Interestingly, a study by our group assessed the in vitro and in vivo antitumor properties and mechanisms of action of ST1926 synthetic retinoids in targeting the cancer stem-like cells population of human PCa. Our results revealed that ST1926 substantially reduced proliferation of PCa cells and induced cell cycle arrest, p53-independent apoptosis, and early DNA damage. It also significantly reduced prostate spheres’ formation ability in vitro, denoting sufficient eradication of the self-renewal ability of the highly androgen-resistant CSCs [267].

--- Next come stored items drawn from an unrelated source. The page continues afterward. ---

lemma sign_vector_if_abs_eq:
  assumes "\<And>n. \<bar>c n\<bar> = eps n"
  obtains \<theta> where "\<theta> \<in> sign_vectors" and "c = (\<lambda>n. \<theta> n * eps n)"
proof
  show "(\<lambda>n. if c n \<ge> 0 then 1 else -1) \<in> sign_vectors"
    by (simp add: sign_vectors_def)
  show "c = (\<lambda>n. (if c n \<ge> 0 then 1 else -1) * eps n)"
  proof
    fix n
    show "c n = (if c n \<ge> 0 then 1 else -1) * eps n"
      using assms[of n] by (cases "c n \<ge> 0") auto
  qed
qed

lemma sum_in_brick:
  assumes "schauder_basis e" and "finite F" and "\<And>n. n \<in> F \<Longrightarrow> \<bar>c n\<bar> \<le> eps n"
    and "\<And>n. eps n \<ge> 0"
  shows "(\<Sum>n\<in>F. c n *\<^sub>R e n) \<in> brick e eps"
  using assms unfolding brick_def by (simp add: coord_sum)

lemma brick_series_summable:
  fixes e :: "nat \<Rightarrow> 'a::banach"
  assumes "schauder_basis e" and "\<And>n. eps n \<ge> 0" and "compact (brick e eps)"
    and "\<And>n. \<bar>c n\<bar> \<le> eps n"
  shows "summable (\<lambda>n. c n *\<^sub>R e n)"
  using assms by (intro summable_if_finite_subsums_in_compact[of "brick e eps"] sum_in_brick)
lemma exec_tuple_state:
  assumes "exec c (tuple_state V g) \<sigma>'" "com_locs c \<subseteq> set V"
  shows "\<sigma>' = tuple_state V (\<lambda>i. \<sigma>' (V ! i))"
proof -
  have "\<sigma>' X = 0" if "X \<notin> set V" for X
  proof -
    have "X \<notin> com_locs c"
      using that assms(2) by blast
    with that show ?thesis
      using exec_unchanged[OF assms(1)] by (simp add: tuple_state_def)
  qed
  then show ?thesis
    unfolding tuple_state_def by (simp add: override_list_nth_self)
qed

lemma tuple_state_nth [simp]: "distinct V \<Longrightarrow> i < length V \<Longrightarrow> tuple_state V g (V ! i) = g i"
  by (simp add: tuple_state_def)

lemma tuple_state_eq_iff:
  "distinct V \<Longrightarrow> tuple_state V g = tuple_state V g' \<longleftrightarrow> (\<forall>i<length V. g i = g' i)"
  unfolding tuple_state_def by (rule override_list_eq_iff)

lemma exec_Skip_iff: "exec Skip \<sigma> \<sigma>' \<longleftrightarrow> \<sigma>' = \<sigma>"
  by (auto elim: exec.cases intro: exec.Skip)

lemma exec_Assign_iff: "exec (Assign X a) \<sigma> \<sigma>' \<longleftrightarrow> \<sigma>' = \<sigma>(X := caval a \<sigma>)"
  by (auto elim: exec.cases intro: exec.Assign)

lemma exec_Seq_iff: "exec (Seq c0 c1) \<sigma> \<sigma>' \<longleftrightarrow> (\<exists>\<sigma>''. exec c0 \<sigma> \<sigma>'' \<and> exec c1 \<sigma>'' \<sigma>')"
  by (auto elim: exec.cases intro: exec.Seq)

lemma exec_If_iff:
  "exec (If b c0 c1) \<sigma> \<sigma>' \<longleftrightarrow> (if cbval b \<sigma> then exec c0 \<sigma> \<sigma>' else exec c1 \<sigma> \<sigma>')"
  by (auto elim: exec.cases intro: exec.IfT exec.IfF)

lemma exec_Par_iff:
  "exec (Par c0 c1) \<sigma> \<sigma>' \<longleftrightarrow>
    (\<exists>\<sigma>''. exec c0 \<sigma> \<sigma>'' \<and> exec c1 \<sigma>'' \<sigma>') \<and> (\<exists>\<sigma>''. exec c1 \<sigma> \<sigma>'' \<and> exec c0 \<sigma>'' \<sigma>')"
  by (auto elim: exec.cases intro: exec.Par)

lemma exec_While_iff:
  "exec (While b c) \<sigma> \<sigma>' \<longleftrightarrow> (\<lambda>s t. cbval b s \<and> exec c s t)\<^sup>*\<^sup>* \<sigma> \<sigma>' \<and> \<not> cbval b \<sigma>'"
proof
  have "exec w \<sigma> \<sigma>' \<Longrightarrow> w = While b c \<Longrightarrow> (\<lambda>s t. cbval b s \<and> exec c s t)\<^sup>*\<^sup>* \<sigma> \<sigma>' \<and> \<not> cbval b \<sigma>'"
    for w by (induction rule: exec.induct) (auto intro: converse_rtranclp_into_rtranclp)
  then show "exec (While b c) \<sigma> \<sigma>' \<Longrightarrow> (\<lambda>s t. cbval b s \<and> exec c s t)\<^sup>*\<^sup>* \<sigma> \<sigma>' \<and> \<not> cbval b \<sigma>'"
    by blast
next
  assume "(\<lambda>s t. cbval b s \<and> exec c s t)\<^sup>*\<^sup>* \<sigma> \<sigma>' \<and> \<not> cbval b \<sigma>'"
  then have "(\<lambda>s t. cbval b s \<and> exec c s t)\<^sup>*\<^sup>* \<sigma> \<sigma>'" and "\<not> cbval b \<sigma>'"
    by blast+
  then show "exec (While b c) \<sigma> \<sigma>'"
    by (induction rule: converse_rtranclp_induct) (auto intro: exec.WhileF exec.WhileT)
qed

lemma io_rel_Skip:
  assumes "distinct V"
  shows "io_rel V Skip g \<longleftrightarrow> (\<forall>i<length V. g (length V + i) = g i)"
  unfolding io_rel_def exec_Skip_iff tuple_state_eq_iff[OF assms] ..

lemma io_rel_Assign:
  assumes "distinct V" "X \<in> set V"
  shows "io_rel V (Assign X a) g \<longleftrightarrow>
    (\<forall>i<length V. g (length V + i) = (if V ! i = X then caval a (tuple_state V g) else g i))"
proof -
  have "(tuple_state V g)(X := v) = tuple_state V (\<lambda>i. if V ! i = X then v else g i)" for v
    using assms by (auto simp: tuple_state_def override_list_def fun_eq_iff nth_index)
  then show ?thesis
    unfolding io_rel_def exec_Assign_iff using assms(1) by (simp add: tuple_state_eq_iff)
qed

4. Clinical Trials of Drugs Repurposed in PCa

Typically used cancer therapies are known to carry severe side effects. Findings of medications that are not typically used for this disease is encouraging for several reasons: they are already discovered, most have been on the market for a long time, proving their safety, they can help with diagnosing or treating, many are cost-effective when compared to chemotherapy or radiation, and they may improve quality of life, with minimal side effects. This applies to PCa.
We have shown that many drugs have been tested in preclinical studies to assess their anti-tumor activity in PCa. However, many of those drugs have already made it into clinical trials. Categories of those medications include anti-inflammatory (both steroidal and non-steroidal), anti-arrhythmic, anti-diabetic, anti-helminthic, anti-fungal, antibiotics, lipid-lowering agents, anticoagulants, bisphosphonates, anti-parasitics, immunomodulators, growth factor inhibitors, farnesyltransferase inhibitors, ribonucleotide reductase inhibitors, polysaccharide, retinoid derivatives, hormones, sugars, cyclic peptides, alpha-keto acids, fatty acids, vitamins, and chemical elements (Table 2).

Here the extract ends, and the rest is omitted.